One of the trademarks of Jim Benning’s tenure with the Vancouver Canucks has been his infatuation with reclamation projects. He has made a number of deals for players struggling to break out on their current teams, including the likes of Sven Baertschi, Markus Granlund, and Derrick Pouliot. While not all have been successful (see: Etem, Emerson, Vey, Linden, and Larsen, Philip), the price to pay for them has been mostly negligible. It could be argued that his ability to pull off low-risk, high-reward deals has been among his best work as a general manager. One name in that vein making its way through the rumor mill these days is that of Arizona Coyotes forward, Anthony Duclair.
Duclair was once a promising prospect, putting up strong junior numbers after being drafted in the third round by the New York Rangers (in 2013). His chemistry with Max Domi at the 2015 World Junior Championship, and eventual trade from the Rangers to Arizona, led many to believe the Coyotes had a dangerous one-two punch on their hands. However, after an effective rookie campaign in 2015-16 (44 points in 81 contests), Duclair tailed off. He spent a portion of the following year in the American Hockey League, and played just 58 NHL games (scoring 15 points) in the process. Since then, things have not improved between the 22-year-old and the Coyotes, with Duclair now demanding a trade from the organization. With his value perhaps at an all-time low, and the Canucks lacking in scoring power, it makes sense for the team to target him.

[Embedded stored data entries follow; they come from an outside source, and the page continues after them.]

(* Let $(G,\prec)$ be a POP-graph and let $v$ be an internal vertex of $G$ that is maximal, i.e. there is no internal vertex $v'\neq v$ with $v\to v'$. Then (1) $O(v)\subseteq O(G)$ and $O(v)$ is an interval of $(E(G),\prec)$; in particular $O(v)$ is an interval of $(O(G),\prec)$. (2) For every $h\in I(v)$ and $o\in O(G)\setminus O(v)$: $o\prec h$ iff $o\prec\min O(v)$, and $h\prec o$ iff $\max O(v)\prec o$.
   Context: A progressive graph is a finite directed acyclic graph (parallel edges allowed) in which every source and every sink has degree one; degree-one vertices are boundary vertices, the others internal. $O(G)$ is the set of output edges (edges whose terminal vertex is a boundary vertex). For a vertex $v$, $I(v)$ and $O(v)$ are its incoming and outgoing edges. For edges write $e\to e'$ if $e\neq e'$ and there is a directed path whose first edge is $e$ and last edge is $e'$; for vertices $v\to v'$ means there is a directed path from $v$ to $v'$. A planar order on $G$ is a linear order $\prec$ on $E(G)$ such that (P1) $e_1\to e_2$ implies $e_1\prec e_2$; (P2) if $e_1\prec e_2\prec e_3$ and $e_1\to e_3$ then $e_1\to e_2$ or $e_2\to e_3$. A POP-graph is a progressive graph with a planar order. An interval of a linearly ordered set $(S,\prec)$ is a subset of the form $\{s: a\preceq s\preceq b\}$. *)

theory Defs
  imports Main
begin

definition in_edges :: "'e set \<Rightarrow> ('e \<Rightarrow> 'v) \<Rightarrow> 'v \<Rightarrow> 'e set" where
  "in_edges E tgt v = {e \<in> E. tgt e = v}"

definition out_edges :: "'e set \<Rightarrow> ('e \<Rightarrow> 'v) \<Rightarrow> 'v \<Rightarrow> 'e set" where
  "out_edges E src v = {e \<in> E. src e = v}"

definition degree :: "'e set \<Rightarrow> ('e \<Rightarrow> 'v) \<Rightarrow> ('e \<Rightarrow> 'v) \<Rightarrow> 'v \<Rightarrow> nat" where
  "degree E src tgt v = card (in_edges E tgt v) + card (out_edges E src v)"

definition vertex_rel :: "'e set \<Rightarrow> ('e \<Rightarrow> 'v) \<Rightarrow> ('e \<Rightarrow> 'v) \<Rightarrow> ('v \<times> 'v) set" where
  "vertex_rel E src tgt = {(src e, tgt e) | e. e \<in> E}"

definition progressive_graph ::
  "'v set \<Rightarrow> 'e set \<Rightarrow> ('e \<Rightarrow> 'v) \<Rightarrow> ('e \<Rightarrow> 'v) \<Rightarrow> bool" where
  "progressive_graph V E src tgt \<longleftrightarrow>
     finite V \<and> finite E \<and> (\<forall>e\<in>E. src e \<in> V \<and> tgt e \<in> V) \<and>
     acyclic (vertex_rel E src tgt) \<and>
     (\<forall>v\<in>V. in_edges E tgt v = {} \<longrightarrow> degree E src tgt v = 1) \<and>
     (\<forall>v\<in>V. out_edges E src v = {} \<longrightarrow> degree E src tgt v = 1)"

definition boundary_vertex :: "'v set \<Rightarrow> 'e set \<Rightarrow> ('e \<Rightarrow> 'v) \<Rightarrow> ('e \<Rightarrow> 'v) \<Rightarrow> 'v \<Rightarrow> bool" where
  "boundary_vertex V E src tgt v \<longleftrightarrow> v \<in> V \<and> degree E src tgt v = 1"

definition internal_vertex :: "'v set \<Rightarrow> 'e set \<Rightarrow> ('e \<Rightarrow> 'v) \<Rightarrow> ('e \<Rightarrow> 'v) \<Rightarrow> 'v \<Rightarrow> bool" where
  "internal_vertex V E src tgt v \<longleftrightarrow> v \<in> V \<and> degree E src tgt v \<noteq> 1"

definition output_edges :: "'v set \<Rightarrow> 'e set \<Rightarrow> ('e \<Rightarrow> 'v) \<Rightarrow> ('e \<Rightarrow> 'v) \<Rightarrow> 'e set" where
  "output_edges V E src tgt = {e \<in> E. boundary_vertex V E src tgt (tgt e)}"

definition edge_reach :: "'e set \<Rightarrow> ('e \<Rightarrow> 'v) \<Rightarrow> ('e \<Rightarrow> 'v) \<Rightarrow> 'e \<Rightarrow> 'e \<Rightarrow> bool" where
  "edge_reach E src tgt e e' \<longleftrightarrow>
     e \<noteq> e' \<and> (e, e') \<in> {(a, b). a \<in> E \<and> b \<in> E \<and> tgt a = src b}\<^sup>+"

definition vertex_reach :: "'e set \<Rightarrow> ('e \<Rightarrow> 'v) \<Rightarrow> ('e \<Rightarrow> 'v) \<Rightarrow> 'v \<Rightarrow> 'v \<Rightarrow> bool" where
  "vertex_reach E src tgt v v' \<longleftrightarrow> (v, v') \<in> (vertex_rel E src tgt)\<^sup>*"

text \<open>A planar order: a strict linear order prec on E satisfying (P1) and (P2).\<close>
definition planar_order :: "'e set \<Rightarrow> ('e \<Rightarrow> 'v) \<Rightarrow> ('e \<Rightarrow> 'v) \<Rightarrow> ('e \<Rightarrow> 'e \<Rightarrow> bool) \<Rightarrow> bool" where
  "planar_order E src tgt prec \<longleftrightarrow>
     (\<forall>a b. prec a b \<longrightarrow> a \<in> E \<and> b \<in> E) \<and>
     (\<forall>a\<in>E. \<not> prec a a) \<and>
     (\<forall>a\<in>E. \<forall>b\<in>E. \<forall>c\<in>E. prec a b \<longrightarrow> prec b c \<longrightarrow> prec a c) \<and>
     (\<forall>a\<in>E. \<forall>b\<in>E. a \<noteq> b \<longrightarrow> prec a b \<or> prec b a) \<and>
     (\<forall>e1\<in>E. \<forall>e2\<in>E. edge_reach E src tgt e1 e2 \<longrightarrow> prec e1 e2) \<and>
     (\<forall>e1\<in>E. \<forall>e2\<in>E. \<forall>e3\<in>E. prec e1 e2 \<longrightarrow> prec e2 e3 \<longrightarrow> edge_reach E src tgt e1 e3 \<longrightarrow>
        edge_reach E src tgt e1 e2 \<or> edge_reach E src tgt e2 e3)"

definition POP_graph ::
  "'v set \<Rightarrow> 'e set \<Rightarrow> ('e \<Rightarrow> 'v) \<Rightarrow> ('e \<Rightarrow> 'v) \<Rightarrow> ('e \<Rightarrow> 'e \<Rightarrow> bool) \<Rightarrow> bool" where
  "POP_graph V E src tgt prec \<longleftrightarrow> progressive_graph V E src tgt \<and> planar_order E src tgt prec"

definition is_interval :: "('e \<Rightarrow> 'e \<Rightarrow> bool) \<Rightarrow> 'e set \<Rightarrow> 'e set \<Rightarrow> bool" where
  "is_interval prec S X \<longleftrightarrow>
     (\<exists>a\<in>S. \<exists>b\<in>S. X = {s \<in> S. (a = s \<or> prec a s) \<and> (s = b \<or> prec s b)})"

definition ord_min :: "('e \<Rightarrow> 'e \<Rightarrow> bool) \<Rightarrow> 'e set \<Rightarrow> 'e" where
  "ord_min prec S = (THE m. m \<in> S \<and> (\<forall>s\<in>S. s \<noteq> m \<longrightarrow> prec m s))"

definition ord_max :: "('e \<Rightarrow> 'e \<Rightarrow> bool) \<Rightarrow> 'e set \<Rightarrow> 'e" where
  "ord_max prec S = (THE m. m \<in> S \<and> (\<forall>s\<in>S. s \<noteq> m \<longrightarrow> prec s m))"

end

theory Submission
  imports Defs
begin

text \<open>Paths out of an in-edge h of v must start with an out-edge of v; when v is maximal
  these out-edges end at boundary vertices, so they are exactly the edges reachable from h.
  By (P1) every in-edge precedes all of O(v). An edge strictly between min O(v) and max O(v)
  but outside O(v) would, by (P2) applied to h \<prec> s \<prec> max O(v), either be reachable from h
  or reach max O(v) and hence min O(v), contradicting (P1). Part (2) is the same (P2)
  argument, using that output edges reach nothing.\<close>

definition strict_linorder_on :: "'a set \<Rightarrow> ('a \<Rightarrow> 'a \<Rightarrow> bool) \<Rightarrow> bool" where
  "strict_linorder_on S p \<longleftrightarrow>
     (\<forall>a\<in>S. \<not> p a a) \<and>
     (\<forall>a\<in>S. \<forall>b\<in>S. \<forall>c\<in>S. p a b \<longrightarrow> p b c \<longrightarrow> p a c) \<and>
     (\<forall>a\<in>S. \<forall>b\<in>S. a \<noteq> b \<longrightarrow> p a b \<or> p b a)"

The big question regarding a deal with Duclair is what the Canucks would be willing to give up for him. Some have thrown around the idea of swapping Jake Virtanen, which is a risky proposition for the organization. While a poor selection at the time, Virtanen has shown signs of promise this year. Regardless of his ceiling, he looks to at the very least be an effective NHLer, whereas this is less certain with Duclair. However, it is possible that the organization would be willing to give up an early-to-mid-round pick for a project-esque player. The same could be said for rental-type players, such as Erik Gudbranson or Thomas Vanek, though this makes little sense from a Coyotes perspective.
What Duclair would offer the Canucks from a short-term point of view, is true base-line scoring ability. Aside from Brock Boeser (and, when healthy Bo Horvat and Sven Baertschi), and the occasional burst from the Sedin twins, Sam Gagner, or Vanek, there are few regular offensive contributions. Duclair would, at the very least, offer the possibility of goals, and could fit in nicely on the second unit power play.
With the team continuing to straddle the line - at least in theory - between competing and rebuilding, the upcoming trade deadline will be a defining moment in Benning’s legacy. Should he fully commit to the youth movement, the team will likely see an influx of draft picks and young talent (for the likes of Gudbranson and Vanek). Should he insist that the Canucks are indeed a playoff team, the moves may reflect a desire to not completely overhaul the roster. In either case, the acquisition of Duclair makes sense, and could pay dividends for the organization.